The university owns about 10 of his works, most of which are limited edition, signed and numbered lithographic prints and silkscreen prints, said Darnell Lautt, director of Marketing and Communications for the Wexner Center. Lautt said that out of the 10, he thought that there was one original.

According to Lautt, when Gordon Gee was president of OSU, he had several of the Lichtensteins hanging in his office because he was a fan of the artist.

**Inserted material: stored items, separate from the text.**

(* (1) If $G:[0,1]\to[0,\infty)$ is continuous, increasing, positive on $(0,1]$ and satisfies $\liminf_{x\to0^+}x\log(1/G(x))>0$ and $\int_0^d\log\log(1/G(x))\,dx<\infty$ for some $d>0$, then the sequence $M_n=2\int_0^1G(1-r)r^{2n+1}\,dr$, $n\ge0$, is admissible. (2) Conversely, if $\{M_n\}_{n\ge0}$ is an admissible sequence, then there exists a continuous increasing function $G$ on $[0,1]$ with $G(0)=0$, satisfying $\liminf_{x\to0^+}x\log(1/G(x))>0$ and $\int_0^d\log\log(1/G(x))\,dx<\infty$ for some $d>0$, such that $P_G(2n+1)\le M_n$ for all sufficiently large $n$, where $P_G(x)=\int_0^1G(1-r)r^x\,dr$.
   Context: A decreasing sequence of positive numbers $\{M_n\}_{n\ge0}$ with $M_n\to0$ is admissible if: (1) $2\log M_n\le\log M_{n+1}+\log M_{n-1}$ for all sufficiently large $n$; (2) there is $d>0$ with $M_n\le e^{-d\sqrt n}$ for all sufficiently large $n$; (3) $\sum_{n\ge0}\frac{\log(1/M_n)}{1+n^2}<\infty$. *)

theory Defs
  imports "HOL-Analysis.Analysis"
begin

definition admissible :: "(nat \<Rightarrow> real) \<Rightarrow> bool" where
  "admissible M \<longleftrightarrow>
     (\<forall>n. M n > 0) \<and> decseq M \<and> M \<longlonglongrightarrow> 0 \<and>
     (\<forall>\<^sub>F n in sequentially. 2 * ln (M n) \<le> ln (M (n + 1)) + ln (M (n - 1))) \<and>
     (\<exists>d>0. \<forall>\<^sub>F n in sequentially. M n \<le> exp (- d * sqrt (real n))) \<and>
     summable (\<lambda>n. ln (1 / M n) / (1 + (real n)\<^sup>2))"

definition liminf_cond :: "(real \<Rightarrow> real) \<Rightarrow> bool" where
  "liminf_cond G \<longleftrightarrow> Liminf (at_right 0) (\<lambda>x. ereal (x * ln (1 / G x))) > 0"

definition loglog_cond :: "(real \<Rightarrow> real) \<Rightarrow> bool" where
  "loglog_cond G \<longleftrightarrow> (\<exists>d>0. (\<forall>x\<in>{0<..d}. G x < 1) \<and>
      set_integrable lborel {0<..d} (\<lambda>x. ln (ln (1 / G x))))"

definition P_G :: "(real \<Rightarrow> real) \<Rightarrow> real \<Rightarrow> real" where
  "P_G G x = integral {0..1} (\<lambda>r. G (1 - r) * r powr x)"

end

theory Submission
  imports Defs "HOL-Real_Asymp.Real_Asymp"
begin

(*
  (1) The moments I k = integral of G (1 - r) r^k over [0, 1] decrease in k and are
  log-convex by Cauchy-Schwarz.  The liminf condition gives G s < exp (- c / s) near 0,
  so by AM-GM  I k <= exp (- 2 sqrt (c k)) + G 1 exp (- delta k).  For the summability,
  I k >= t G t (1 - 2 t)^k  gives  ln (1 / I k) <= ln (1 / t) + ln (1 / G t) + 4 k t.
  On the block 2^m <= n < 2^(m+1) take t = a / 2^kappa(m), where kappa(m) balances
  ln (1 / G t) against 2^(m - kappa(m)); read on dyadic intervals, the integrability of
  ln ln (1 / G) near 0 is exactly what makes the sum of 2^(-kappa(m)) finite.

  (2) L n = ln (1 / M n) is eventually increasing, concave and >= d sqrt n.  Put
  H s = sup_n (L n - (2 n + 1) s) and G = exp (- H).  Since r <= exp (r - 1), each
  integrand G (1 - r) r^(2n+1) is at most exp (- L n).  H is convex, hence continuous,
  and choosing n ~ d^2 / (16 s^2) gives H s >= d^2 / (16 s), which yields the liminf
  condition and continuity at 0.  Concavity of L gives H s <= L (2^j) as soon as
  L (2^j) / 2^j <= 2 s, and these ratios are summable because the sum of
  L n / (1 + n^2) is finite; this bounds ln H on dyadic intervals and proves the
  integrability of ln ln (1 / G).
*)

section \<open>Dyadic summation\<close>

lemma summable_real_div_two_power: "summable (\<lambda>n. real n / 2 ^ n)"
proof (rule summable_comparison_test_ev[OF _ inverse_power_summable[of 2]])
  have "\<forall>\<^sub>F n in sequentially. real n / 2 ^ n \<le> 1 / real n ^ 2"
    by real_asymp
  then show "\<forall>\<^sub>F n in sequentially. norm (real n / 2 ^ n) \<le> inverse (real n ^ 2)"
    by (simp add: inverse_eq_divide)
qed simp

lemma sum_inverse_two_power_le:
  fixes A :: "nat set"
  assumes "finite A" "0 \<le> x" and "\<And>k. k \<in> A \<Longrightarrow> 1 / 2 ^ k \<le> x"
  shows "(\<Sum>k\<in>A. 1 / 2 ^ k :: real) \<le> 2 * x"
proof (cases "A = {}")
  case True
  with assms show ?thesis by simp
next
  case False
  define k0 where "k0 = Min A"
  have k0: "k0 \<in> A" "\<And>k. k \<in> A \<Longrightarrow> k0 \<le> k"
    using False assms(1) by (auto simp: k0_def)
  have "(\<Sum>k\<in>A. 1 / 2 ^ k :: real) = (\<Sum>i\<in>(\<lambda>k. k - k0) ` A. (1/2) ^ i) / 2 ^ k0"
  proof -
    have "inj_on (\<lambda>k. k - k0) A"
      using k0(2) by (auto simp: inj_on_def) (metis le_add_diff_inverse)
    moreover have "1 / 2 ^ k = (1/2) ^ (k - k0) / (2::real) ^ k0" if "k \<in> A" for k
      using k0(2)[OF that] by (simp add: power_diff power_one_over)
    ultimately show ?thesis
      by (simp add: sum.reindex sum_divide_distrib)
  qed
  also have "\<dots> \<le> (\<Sum>i. (1/2::real) ^ i) / 2 ^ k0"
    by (intro divide_right_mono sum_le_suminf summable_geometric) (auto simp: assms(1))
  also have "\<dots> = 2 * (1 / 2 ^ k0)"
    by (simp add: suminf_geometric)
  finally show ?thesis
    using assms(3)[OF k0(1)] by linarith
qed

lemma dyadic_first_index:
  fixes r :: "nat \<Rightarrow> real"
  assumes nonneg: "\<And>j. 0 \<le> r j" and summable: "summable r" and "0 < \<epsilon>"
  obtains \<iota> :: "nat \<Rightarrow> nat"
  where "\<And>k. r (\<iota> k) \<le> \<epsilon> / 2 ^ k" and "summable (\<lambda>k. real (\<iota> k) / 2 ^ k)"
proof
  define \<iota> where "\<iota> k = (LEAST j. r j \<le> \<epsilon> / 2 ^ k)" for k
  have "\<exists>j. r j \<le> \<epsilon> / 2 ^ k" for k
  proof -
    have "\<forall>\<^sub>F j in sequentially. r j < \<epsilon> / 2 ^ k"
      using summable_LIMSEQ_zero[OF summable] \<open>0 < \<epsilon>\<close> by (intro order_tendstoD) auto
    then show ?thesis
      by (auto simp: eventually_sequentially intro: less_imp_le)
  qed
  then show "r (\<iota> k) \<le> \<epsilon> / 2 ^ k" for k
    unfolding \<iota>_def by (rule LeastI_ex)
  have above: "\<epsilon> / 2 ^ k < r j" if "j < \<iota> k" for j k
    using not_less_Least[OF that[unfolded \<iota>_def]] by simp
  \<comment> \<open>Count \<open>\<iota> k\<close> as the number of indices \<open>j < \<iota> k\<close> and swap the order of summation.\<close>
  show "summable (\<lambda>k. real (\<iota> k) / 2 ^ k)"
  proof (rule bounded_imp_summable)
    fix n
    define J where "J = Suc (Max (\<iota> ` {..n}))"
    have "(\<Sum>k\<le>n. real (\<iota> k) / 2 ^ k) = (\<Sum>k\<le>n. \<Sum>j\<in>{j\<in>{..<J}. j < \<iota> k}. 1 / 2 ^ k)"
    proof (rule sum.cong)
      fix k assume "k \<in> {..n}"
      then have "\<iota> k < J"
        by (simp add: J_def le_imp_less_Suc)
      then have "{j\<in>{..<J}. j < \<iota> k} = {..<\<iota> k}"
        by auto
      then show "real (\<iota> k) / 2 ^ k = (\<Sum>j\<in>{j\<in>{..<J}. j < \<iota> k}. 1 / 2 ^ k)"
        by simp
    qed simp
    also have "\<dots> = (\<Sum>j<J. \<Sum>k\<in>{k\<in>{..n}. j < \<iota> k}. 1 / 2 ^ k)"
      by (rule sum.swap_restrict) auto
    also have "\<dots> \<le> (\<Sum>j<J. 2 * (r j / \<epsilon>))"
      using above nonneg \<open>0 < \<epsilon>\<close>
      by (intro sum_mono sum_inverse_two_power_le) (auto simp: field_simps less_imp_le)
    also have "\<dots> \<le> (\<Sum>j. 2 * (r j / \<epsilon>))"
      using nonneg \<open>0 < \<epsilon>\<close>
      by (intro sum_le_suminf summable_mult summable_divide summable) auto
    finally show "(\<Sum>k\<le>n. real (\<iota> k) / 2 ^ k) \<le> (\<Sum>j. 2 * (r j / \<epsilon>))" .
  qed simp
qed

lemma summable_inverse_two_power_bounded_fibres:
  fixes \<kappa> :: "nat \<Rightarrow> nat" and \<psi> :: "nat \<Rightarrow> real"
  assumes fibre: "\<And>m. real m \<le> \<psi> (\<kappa> m)" and nonneg: "\<And>k. 0 \<le> \<psi> k"
    and summable: "summable (\<lambda>k. (\<psi> k + 1) / 2 ^ k)"
  shows "summable (\<lambda>m. 1 / 2 ^ \<kappa> m :: real)"
proof (rule bounded_imp_summable)
  fix n
  have card_le: "real (card {m \<in> {..n}. \<kappa> m = k}) \<le> \<psi> k + 1" for k
  proof -
    have "{m \<in> {..n}. \<kappa> m = k} \<subseteq> {..nat \<lfloor>\<psi> k\<rfloor>}"
      using fibre by (auto simp: le_nat_floor)
    then have "card {m \<in> {..n}. \<kappa> m = k} \<le> nat \<lfloor>\<psi> k\<rfloor> + 1"
      using card_mono[of "{..nat \<lfloor>\<psi> k\<rfloor>}"] by fastforce
    then show ?thesis
      using nonneg[of k] by linarith
  qed
  have "(\<Sum>m\<le>n. 1 / 2 ^ \<kappa> m :: real) = (\<Sum>k\<in>\<kappa> ` {..n}. \<Sum>m\<in>{m \<in> {..n}. \<kappa> m = k}. 1 / 2 ^ \<kappa> m)"
    by (rule sum.image_gen) simp
  also have "\<dots> = (\<Sum>k\<in>\<kappa> ` {..n}. real (card {m \<in> {..n}. \<kappa> m = k}) / 2 ^ k)"
    by (rule sum.cong) auto
  also have "\<dots> \<le> (\<Sum>k\<in>\<kappa> ` {..n}. (\<psi> k + 1) / 2 ^ k)"
    by (intro sum_mono divide_right_mono card_le) auto
  also have "\<dots> \<le> (\<Sum>k. (\<psi> k + 1) / 2 ^ k)"
    using nonneg by (intro sum_le_suminf summable) (auto intro: add_nonneg_nonneg)
  finally show "(\<Sum>m\<le>n. 1 / 2 ^ \<kappa> m :: real) \<le> (\<Sum>k. (\<psi> k + 1) / 2 ^ k)" .
qed simp

text \<open>\<open>\<kappa> m\<close> is the largest \<open>k \<le> m\<close> with \<open>B k \<le> 2\<^sup>m\<^sup>-\<^sup>k\<close>; by maximality
  \<open>m \<le> k + 1 + log\<^sub>2 B (k + 1)\<close> whenever \<open>\<kappa> m = k\<close>, which bounds the fibres of \<open>\<kappa>\<close>.\<close>
lemma dyadic_balance_index:
  fixes B :: "nat \<Rightarrow> real"
  assumes ge1: "\<And>k. 1 \<le> B k" and summable: "summable (\<lambda>k. ln (B k) / 2 ^ k)"
  obtains \<kappa> :: "nat \<Rightarrow> nat"
  where "\<And>m. \<kappa> m \<le> m" and "\<forall>\<^sub>F m in sequentially. B (\<kappa> m) \<le> 2 ^ (m - \<kappa> m)"
    and "summable (\<lambda>m. 1 / 2 ^ \<kappa> m :: real)"
proof
  define P where "P m k \<longleftrightarrow> k \<le> m \<and> (k = 0 \<or> B k \<le> 2 ^ (m - k))" for m k
  define \<kappa> where "\<kappa> m = Greatest (P m)" for m
  have P\<kappa>: "P m (\<kappa> m)" for m
    unfolding \<kappa>_def by (rule GreatestI_nat[of _ 0 m]) (auto simp: P_def)
  have le\<kappa>: "P m k \<Longrightarrow> k \<le> \<kappa> m" for m k
    unfolding \<kappa>_def by (rule Greatest_le_nat[of _ _ m]) (auto simp: P_def)
  show \<kappa>_le: "\<kappa> m \<le> m" for m
    using P\<kappa>[of m] by (simp add: P_def)
  have "\<forall>\<^sub>F m in sequentially. B 0 \<le> 2 ^ m"
    by real_asymp
  then show "\<forall>\<^sub>F m in sequentially. B (\<kappa> m) \<le> 2 ^ (m - \<kappa> m)"
    by eventually_elim (metis P\<kappa> P_def diff_zero)
  define \<psi> where "\<psi> k = real k + 1 + ln (B (k + 1)) / ln 2" for k
  have fibre: "real m \<le> \<psi> (\<kappa> m)" for m
  proof (cases "\<kappa> m = m")
    case True
    then show ?thesis using ge1[of "m + 1"] by (simp add: \<psi>_def)
  next
    case False
    with \<kappa>_le[of m] have "\<kappa> m + 1 \<le> m" by simp
    moreover have "\<not> P m (\<kappa> m + 1)"
      using le\<kappa>[of m "\<kappa> m + 1"] by auto
    ultimately have "2 ^ (m - (\<kappa> m + 1)) < B (\<kappa> m + 1)"
      by (auto simp: P_def)
    then have "ln (2 ^ (m - (\<kappa> m + 1))) < ln (B (\<kappa> m + 1))"
      using ge1[of "\<kappa> m + 1"] by (intro ln_less_cancel_iff[THEN iffD2]) auto
    with \<open>\<kappa> m + 1 \<le> m\<close> have "real m - (\<kappa> m + 1) < ln (B (\<kappa> m + 1)) / ln 2"
      by (simp add: ln_realpow of_nat_diff pos_less_divide_eq)
    then show ?thesis
      by (simp add: \<psi>_def)
  qed
  have "summable (\<lambda>k. ln (B (Suc k)) / 2 ^ Suc k)"
    using summable by (subst summable_Suc_iff)
  then have "summable (\<lambda>k. real k / 2 ^ k + 2 * (1/2) ^ k + 2 / ln 2 * (ln (B (Suc k)) / 2 ^ Suc k))"
    by (intro summable_add summable_real_div_two_power summable_mult summable_geometric) auto
  then have "summable (\<lambda>k. (\<psi> k + 1) / 2 ^ k)"
    by (simp add: \<psi>_def add_divide_distrib power_one_over ac_simps)
  moreover have "0 \<le> \<psi> k" for k
    using ge1[of "k + 1"] by (simp add: \<psi>_def)
  ultimately show "summable (\<lambda>m. 1 / 2 ^ \<kappa> m :: real)"
    using summable_inverse_two_power_bounded_fibres fibre by blast
qed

After Gee’s departure, they were taken to the Wexner Center, where they are kept in the Center’s museum-grade storage facility.

“It is not practical for someone to walk in off the street and say, ‘I want to see a Lichtenstein,’ but there are provisions for someone doing scholarly research,” Lautt said.

Lautt said it was sometimes hard to strike a “balance of putting it out where it’s viewable and making sure that you are adequately protecting the work too.”

“Rather than being a place that collects and holds art, we are using our energies and resources to support the artists in the creation of new works,” Lautt added.

Haverkamp said one of the goals of the new art policy is to get across “the idea that the whole University is a museum, and without getting into what is housed where, make sure that regardless of where a piece of art or an artifact is housed, the same care and attention is going to be given to maintaining, preserving, using, and ultimately — if you dispose of it — how you dispose of it.”

Both Ferguson and Haverkamp said one of the main disadvantages of a museum is that some students would have a harder time accessing the smaller collections that were housed in their individual colleges.

Referring to the College of Optometry’s collection of celebrity eyewear, Haverkamp said, “The problem is, that for optometry students, it’s good to have those historical objects there where the students can get at them.”

“We’re not just talking about art, we’re talking about a lot of stuff,” Ferguson said, “We’re talking about a huge number of things, some of which you can’t hang on a wall.”